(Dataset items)
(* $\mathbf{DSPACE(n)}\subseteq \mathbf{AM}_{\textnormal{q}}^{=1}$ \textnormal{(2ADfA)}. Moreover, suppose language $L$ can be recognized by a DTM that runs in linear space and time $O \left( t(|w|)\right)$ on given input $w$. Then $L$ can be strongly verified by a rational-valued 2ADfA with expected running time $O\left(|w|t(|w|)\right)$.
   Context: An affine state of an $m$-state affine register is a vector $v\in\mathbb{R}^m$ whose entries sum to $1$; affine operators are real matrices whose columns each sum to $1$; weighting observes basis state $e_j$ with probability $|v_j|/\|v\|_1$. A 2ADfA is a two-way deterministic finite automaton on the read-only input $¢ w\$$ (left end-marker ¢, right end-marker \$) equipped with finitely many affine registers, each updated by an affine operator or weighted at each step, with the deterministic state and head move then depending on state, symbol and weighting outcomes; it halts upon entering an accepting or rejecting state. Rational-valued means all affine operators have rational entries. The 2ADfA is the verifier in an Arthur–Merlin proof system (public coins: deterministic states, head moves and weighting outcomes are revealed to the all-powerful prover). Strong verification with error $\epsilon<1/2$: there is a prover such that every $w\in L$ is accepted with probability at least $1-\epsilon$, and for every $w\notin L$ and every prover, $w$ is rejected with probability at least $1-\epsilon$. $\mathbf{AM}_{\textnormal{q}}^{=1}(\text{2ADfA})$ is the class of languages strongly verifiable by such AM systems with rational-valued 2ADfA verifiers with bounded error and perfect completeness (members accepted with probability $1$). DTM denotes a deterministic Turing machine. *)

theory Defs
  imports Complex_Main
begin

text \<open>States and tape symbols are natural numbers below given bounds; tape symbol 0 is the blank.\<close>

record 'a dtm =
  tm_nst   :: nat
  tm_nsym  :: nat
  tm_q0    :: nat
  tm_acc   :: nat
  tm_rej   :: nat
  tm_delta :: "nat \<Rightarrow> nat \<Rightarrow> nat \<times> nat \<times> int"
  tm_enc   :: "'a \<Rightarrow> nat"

### PROBLEM
What you give back should be exactly the lines of the entries above from the one containing "imports Complex_Main" to the end, and nothing more.

### ANSWER TO THIS PROBLEM
  imports Complex_Main
begin

text \<open>States and tape symbols are natural numbers below given bounds; tape symbol 0 is the blank.\<close>

record 'a dtm =
  tm_nst   :: nat
  tm_nsym  :: nat
  tm_q0    :: nat
  tm_acc   :: nat
  tm_rej   :: nat
  tm_delta :: "nat \<Rightarrow> nat \<Rightarrow> nat \<times> nat \<times> int"
  tm_enc   :: "'a \<Rightarrow> nat"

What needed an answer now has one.